A User Defined Function (UDF) in SQL is an object that developers create to perform an action and return the result. Besides UDFs, SQL provides Built-in Functions (or Native Functions). Built-in Functions, pre-defined by SQL, includes string functions, numeric function, data and time functions, aggregate functions, logical functions and so on. These built-in functions can perform common tasks efficiently. However, when developers have to conduct some complex calculation or perform custom data transformations that are not supported by built-in SQL functions, they have to create their own functions and store them in the database for future use. In addition to narrowing the gap left by built-in functions, UDFs bring the benefits as follows.

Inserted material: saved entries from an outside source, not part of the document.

lemma homeomorphic_map_step_integrals:
  "homeomorphic_map weakconv_topology step_topology step_integrals"
  by (intro bijective_closed_imp_homeomorphic_map continuous_map_step_integrals
      closed_map_step_integrals)
     (simp_all add: topspace_weakconv_topology step_topology_def inj_on_step_integrals)

lemma metrizable_space_weakconv_topology: "metrizable_space weakconv_topology"
proof -
  have "weakconv_topology homeomorphic_space step_topology"
    using homeomorphic_map_step_integrals unfolding homeomorphic_space by blast
  then show ?thesis
    using homeomorphic_metrizable_space metrizable_space_step_topology by blast
qed

lemma compactin_weakconv_topology_sequentially:
  assumes "S \<subseteq> {M. real_distribution M}"
    and "\<And>\<sigma> :: nat \<Rightarrow> real measure. (\<And>n. \<sigma> n \<in> S) \<Longrightarrow>
      \<exists>M r. M \<in> S \<and> strict_mono r \<and> weak_conv_m (\<sigma> \<circ> r) M"
  shows "compactin weakconv_topology S"
proof -
  obtain X d where "Metric_space X d" and top: "weakconv_topology = Metric_space.mtopology X d"
    using metrizable_space_weakconv_topology metrizable_space_def by blast
  interpret Metric_space X d by fact
  have X: "X = {M. real_distribution M}"
    using arg_cong[OF top, of topspace] by (simp add: topspace_weakconv_topology)
  show ?thesis
    unfolding top compactin_sequentially
  proof (intro conjI allI impI)
    show "S \<subseteq> X"
      using assms(1) X by simp
    fix \<sigma> :: "nat \<Rightarrow> real measure" assume "range \<sigma> \<subseteq> S"
    then have \<sigma>: "\<And>n. \<sigma> n \<in> S"
      by blast
    then obtain M r where "M \<in> S" "strict_mono r" "weak_conv_m (\<sigma> \<circ> r) M"
      using assms(2)[of \<sigma>] by blast
    moreover have "limitin mtopology (\<sigma> \<circ> r) M sequentially"
      unfolding top[symmetric]
    proof (rule weak_conv_imp_limitin_weakconv_topology)
      show "real_distribution ((\<sigma> \<circ> r) n)" for n
        using \<sigma>[of "r n"] assms(1) by auto
      show "real_distribution M"
        using \<open>M \<in> S\<close> assms(1) by auto
    qed fact
    ultimately show "\<exists>l r. l \<in> S \<and> strict_mono r \<and> limitin mtopology (\<sigma> \<circ> r) l sequentially"
      by blast
  qed
qed

section \<open>The moment class\<close>

lemma momL_memD:
  assumes "\<eta> \<in> momL eps B"
  shows "real_distribution \<eta>" and "integrable \<eta> (\<lambda>x. \<bar>x\<bar> powr (1 + eps))"
proof -
  show "real_distribution \<eta>"
    using assms unfolding momL_def by simp
  then interpret real_distribution \<eta> .
  show "integrable \<eta> (\<lambda>x. \<bar>x\<bar> powr (1 + eps))"
    using assms unfolding momL_def
    by (intro integrableI_nonneg) (auto simp: top_unique le_less_trans[OF _ ennreal_less_top])
qed

lemma momL_moment_le:
  assumes "\<eta> \<in> momL eps B" "0 \<le> B"
  shows "(\<integral>x. \<bar>x\<bar> powr (1 + eps) \<partial>\<eta>) \<le> B"
proof -
  interpret real_distribution \<eta>
    using momL_memD(1)[OF assms(1)] .
  have "ennreal (\<integral>x. \<bar>x\<bar> powr (1 + eps) \<partial>\<eta>) = (\<integral>\<^sup>+ x. ennreal (\<bar>x\<bar> powr (1 + eps)) \<partial>\<eta>)"
    using momL_memD(2)[OF assms(1)] by (intro nn_integral_eq_integral[symmetric]) auto
  also have "\<dots> \<le> ennreal B"
    using assms(1) unfolding momL_def by simp
  finally show ?thesis
    using assms(2) by simp
qed

lemma abs_le_one_plus_abs_powr:
  fixes x eps :: real
  assumes "0 \<le> eps"
  shows "\<bar>x\<bar> \<le> 1 + \<bar>x\<bar> powr (1 + eps)"
proof (cases "\<bar>x\<bar> \<le> 1")
  case False
  then have "\<bar>x\<bar> powr 1 \<le> \<bar>x\<bar> powr (1 + eps)"
    using assms by (intro powr_mono) auto
  then show ?thesis
    by simp
qed (simp add: add_increasing2)

lemma momL_integrable_id:
  assumes "\<eta> \<in> momL eps B" "0 \<le> eps"
  shows "integrable \<eta> (\<lambda>x. x)"
proof -
  interpret real_distribution \<eta>
    using momL_memD(1)[OF assms(1)] .
  have "integrable \<eta> (\<lambda>x. 1 + \<bar>x\<bar> powr (1 + eps))"
    using momL_memD(2)[OF assms(1)] by simp
  then show ?thesis
    by (rule Bochner_Integration.integrable_bound)
       (simp_all add: abs_le_one_plus_abs_powr[OF assms(2)])
qed

lemma momL_measure_abs_ge_le:
  assumes "\<eta> \<in> momL eps B" "0 \<le> B" "0 \<le> eps" "0 < R"
  shows "measure \<eta> {x. R \<le> \<bar>x\<bar>} \<le> B / R powr (1 + eps)"
proof -
  interpret real_distribution \<eta>
    using momL_memD(1)[OF assms(1)] .
  have "measure \<eta> {x. R \<le> \<bar>x\<bar>} * R powr (1 + eps)
      = (\<integral>x. indicator {x. R \<le> \<bar>x\<bar>} x * R powr (1 + eps) \<partial>\<eta>)"
    by simp
  also have "\<dots> \<le> (\<integral>x. \<bar>x\<bar> powr (1 + eps) \<partial>\<eta>)"
  proof (rule integral_mono[OF _ momL_memD(2)[OF assms(1)]])
    show "integrable \<eta> (\<lambda>x. indicator {x. R \<le> \<bar>x\<bar>} x * R powr (1 + eps))"
      by (rule integrable_const_bound[where B = "R powr (1 + eps)"]) (auto simp: indicator_def)
    show "indicator {x. R \<le> \<bar>x\<bar>} x * R powr (1 + eps) \<le> \<bar>x\<bar> powr (1 + eps)" for x
      using assms(3,4) by (auto simp: indicator_def intro!: powr_mono2)
  qed
  also have "\<dots> \<le> B"
    using momL_moment_le[OF assms(1,2)] .
  finally show ?thesis
    using assms(4) by (simp add: field_simps)
qed

lemma momL_uniform_tail:
  assumes "0 \<le> B" "0 \<le> eps" "0 < e"
  obtains R where "0 < R" "\<And>\<eta>. \<eta> \<in> momL eps B \<Longrightarrow> measure \<eta> {x. R \<le> \<bar>x\<bar>} < e"
proof -
  have "((\<lambda>R. B / R powr (1 + eps)) \<longlongrightarrow> 0) at_top"
    using assms(2) by real_asymp
  then have "\<forall>\<^sub>F R in at_top. B / R powr (1 + eps) < e \<and> 0 < R"
    using assms(3) by (intro eventually_conj order_tendstoD(2) eventually_gt_at_top)
  then obtain R where "B / R powr (1 + eps) < e" "0 < R"
    by (auto simp: eventually_at_top_linorder)
  then show ?thesis
    using momL_measure_abs_ge_le[OF _ assms(1,2)] by (intro that) (auto intro: le_less_trans)
qed

lemma momL_tight:
  assumes "\<And>n. \<sigma> n \<in> momL eps B" "0 \<le> B" "0 \<le> eps"
  shows "tight \<sigma>"
  unfolding tight_def
proof (intro conjI allI impI)
  show "real_distribution (\<sigma> n)" for n
    using momL_memD(1)[OF assms(1)] .
  fix e :: real assume "0 < e"
  then obtain R where R: "0 < R" "\<And>\<eta>. \<eta> \<in> momL eps B \<Longrightarrow> measure \<eta> {x. R \<le> \<bar>x\<bar>} < e"
    using momL_uniform_tail[OF assms(2,3)] by blast
  have "1 - e < measure (\<sigma> n) {- R<..R}" for n
  proof -
    interpret real_distribution "\<sigma> n"
      using momL_memD(1)[OF assms(1)] .
    have "{x. R \<le> \<bar>x\<bar>} \<in> sets (\<sigma> n)"
      by measurable
    then have "1 - measure (\<sigma> n) {x. R \<le> \<bar>x\<bar>} = measure (\<sigma> n) (space (\<sigma> n) - {x. R \<le> \<bar>x\<bar>})"
      using prob_compl by simp
    also have "\<dots> \<le> measure (\<sigma> n) {- R<..R}"
      by (intro finite_measure_mono) auto
    finally show ?thesis
      using R(2)[OF assms(1)[of n]] by linarith
  qed
  then show "\<exists>a b. a < b \<and> (\<forall>n. 1 - e < measure (\<sigma> n) {a<..b})"
    using R(1) by (intro exI[of _ "-R"] exI[of _ R]) auto
qed

lemma nn_integral_weak_conv_le_liminf:
  fixes f :: "real \<Rightarrow> real"
  assumes "\<And>n. real_distribution (M_seq n)" "real_distribution M" "weak_conv_m M_seq M"
    and "\<And>x. isCont f x"
  shows "(\<integral>\<^sup>+x. ennreal (f x) \<partial>M) \<le> liminf (\<lambda>n. \<integral>\<^sup>+x. ennreal (f x) \<partial>M_seq n)"
proof -
  obtain \<Omega> :: "real measure" and Y_seq Y where
    "prob_space \<Omega>" and Y_seq: "\<And>n. Y_seq n \<in> borel_measurable \<Omega>"
    and distr_Y_seq: "\<And>n. distr \<Omega> borel (Y_seq n) = M_seq n"
    and Y: "Y \<in> measurable \<Omega> lborel" and distr_Y: "distr \<Omega> borel Y = M"
    and Y_seq_lim: "\<And>x. x \<in> space \<Omega> \<Longrightarrow> (\<lambda>n. Y_seq n x) \<longlonglongrightarrow> Y x"
    using Skorohod[OF assms(1-3)] by blast
  have Y_borel: "Y \<in> borel_measurable \<Omega>"
    using Y by (simp add: measurable_cong_sets[OF refl sets_lborel])
  have f_borel [measurable]: "f \<in> borel_measurable borel"
    using assms(4) by (intro borel_measurable_continuous_onI continuous_at_imp_continuous_on) auto
  have "(\<integral>\<^sup>+x. ennreal (f x) \<partial>M) = (\<integral>\<^sup>+\<omega>. ennreal (f (Y \<omega>)) \<partial>\<Omega>)"
    unfolding distr_Y[symmetric] by (rule nn_integral_distr[OF Y_borel]) simp
  also have "\<dots> = (\<integral>\<^sup>+\<omega>. liminf (\<lambda>n. ennreal (f (Y_seq n \<omega>))) \<partial>\<Omega>)"
  proof (rule nn_integral_cong)
    fix \<omega> assume "\<omega> \<in> space \<Omega>"
    then have "(\<lambda>n. ennreal (f (Y_seq n \<omega>))) \<longlonglongrightarrow> ennreal (f (Y \<omega>))"
      using Y_seq_lim assms(4) by (intro tendsto_ennrealI isCont_tendsto_compose[of _ f])
    then show "ennreal (f (Y \<omega>)) = liminf (\<lambda>n. ennreal (f (Y_seq n \<omega>)))"
      by (simp add: lim_imp_Liminf)
  qed
  also have "\<dots> \<le> liminf (\<lambda>n. \<integral>\<^sup>+\<omega>. ennreal (f (Y_seq n \<omega>)) \<partial>\<Omega>)"
    using Y_seq by (intro nn_integral_liminf) simp
  also have "\<dots> = liminf (\<lambda>n. \<integral>\<^sup>+x. ennreal (f x) \<partial>M_seq n)"
    unfolding distr_Y_seq[symmetric] using Y_seq by (simp add: nn_integral_distr)
  finally show ?thesis .
qed

lemma momL_weak_conv_limit:
  assumes "\<And>n. \<sigma> n \<in> momL eps B" "real_distribution \<mu>" "weak_conv_m \<sigma> \<mu>" "0 \<le> eps"
  shows "\<mu> \<in> momL eps B"
proof -
  have "isCont (\<lambda>x. \<bar>x\<bar> powr (1 + eps)) x" for x :: real
    unfolding isCont_def using assms(4)
    by (intro tendsto_powr') (auto intro!: tendsto_intros)
  then have "(\<integral>\<^sup>+x. ennreal (\<bar>x\<bar> powr (1 + eps)) \<partial>\<mu>)
      \<le> liminf (\<lambda>n. \<integral>\<^sup>+x. ennreal (\<bar>x\<bar> powr (1 + eps)) \<partial>\<sigma> n)"
    using momL_memD(1)[OF assms(1)] assms(2,3) by (intro nn_integral_weak_conv_le_liminf)
  also have "\<dots> \<le> ennreal B"
  proof (intro Liminf_le always_eventually allI)
    show "(\<integral>\<^sup>+x. ennreal (\<bar>x\<bar> powr (1 + eps)) \<partial>\<sigma> n) \<le> ennreal B" for n
      using assms(1)[of n] by (simp add: momL_def)
  qed simp
  finally show ?thesis
    using assms(2) unfolding momL_def by simp
qed

section \<open>Conditional value at risk\<close>

lemma Fdist_eq_cdf: "Fdist = cdf"
  by (simp add: Fdist_def cdf_def fun_eq_iff)

lemma
  assumes "real_distribution M" "0 < p" "p < 1"
  shows xq_le_iff: "xq p M \<le> z \<longleftrightarrow> p \<le> cdf M z"
    and cdf_xq_ge: "p \<le> cdf M (xq p M)"
proof -
  interpret real_distribution M by fact
  define S where "S = {z. p \<le> cdf M z}"
  have "\<forall>\<^sub>F z in at_top. p < cdf M z"
    using cdf_lim_at_top_prob assms(3) by (rule order_tendstoD)
  then have "S \<noteq> {}"
    unfolding S_def eventually_at_top_linorder
    by (metis empty_Collect_eq less_eq_real_def order_refl)
  have "\<forall>\<^sub>F z in at_bot. cdf M z < p"
    using cdf_lim_at_bot assms(2) by (rule order_tendstoD)
  then obtain b where b: "\<And>z. z \<le> b \<Longrightarrow> cdf M z < p"
    unfolding eventually_at_bot_linorder by blast
  have "bdd_below S"
    unfolding S_def bdd_below_def using b
    by (metis linorder_not_le mem_Collect_eq not_less_iff_gr_or_eq)
  define m where "m = Inf S"
  have low: "m \<le> z" if "p \<le> cdf M z" for z
    unfolding m_def using \<open>bdd_below S\<close> that by (intro cInf_lower) (simp_all add: S_def)
  have up: "p \<le> cdf M z" if "m < z" for z
  proof -
    obtain s where "s \<in> S" "s < z"
      using cInf_less_iff[OF \<open>S \<noteq> {}\<close> \<open>bdd_below S\<close>] \<open>m < z\<close> unfolding m_def by blast
    then show ?thesis
      unfolding S_def using cdf_nondecreasing[of s z] by simp
  qed
  have pm: "p \<le> cdf M m"
    using cdf_is_right_cont[of m]
    by (intro tendsto_lowerbound[of "cdf M" "cdf M m" "at_right m"])
       (auto simp: continuous_within intro: eventually_mono[OF eventually_at_right_less] up)
  have xq: "xq p M = m"
    unfolding xq_def Fdist_eq_cdf by (rule Least_equality[of "\<lambda>z. p \<le> cdf M z", OF pm low])
  show cdf_xq_ge: "p \<le> cdf M (xq p M)"
    using pm xq by simp
  show "xq p M \<le> z \<longleftrightarrow> p \<le> cdf M z"
    using cdf_xq_ge cdf_nondecreasing[of "xq p M" z] low xq by auto
qed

· Simplifying queries: UDFs are modular Programming via abstracting complex calculations, business logic and repetitive operations. This reduces the complexity of the main query and improves readability and maintainability of the code.

· Realizing Reusability: UDFs reduce code duplication by packaging the logic, calculations and expression into a single function, which can be reused across different queries, views or stored procedures.

· Enhancing Security: UDFs are treated as separate parts of the queries so that developers can enforce the limitation of direct access to certain data or logic by packaging them into UDFs. Sensitive data or operations can be protected by this way.

· Optimizing Performance: UDFs enable Sql queries to execute faster by being compiled and stored in the database. Besides, UDFs can prevent round-trips between the database and the application, thus optimizing the performance of programming.

· Improving Flexibility: UDFs allow developers to create dynamic and adaptable SQL syntax with parameters. And they can make the code more portable across various databases.


A Universal Structure of SQL UDFs

In SQL Server, there are three types of UDFs: Scaler UDFs, Aggregate UDFs and Table UDFs. Because MySQL doesn't natively support Table UDFs, I use SQL Server instead of MySQL, my favoured tool, for this article. Some online tutorials provide examples of Table UDFs in MySQL, which can be misleading. Although MySQL doesn't support Table UDFs, similar functionality can be achieved through Stored Procedures or Views.

· Scaler UDFs: These functions work on a single row and return a single value.

· Aggregate UDFs: These functions process multiple rows and return a single aggregated value. However, creating an aggregate UDF cannot be done in a pure SQL environment; it usually requires the use of .NET languages such as C# or VB.NET, which are then registered with SQL Server as assemblies. Because creating aggregate UDFs requires knowledge of another programming languages, I'll not use examples to deep dive this UDF type in this article.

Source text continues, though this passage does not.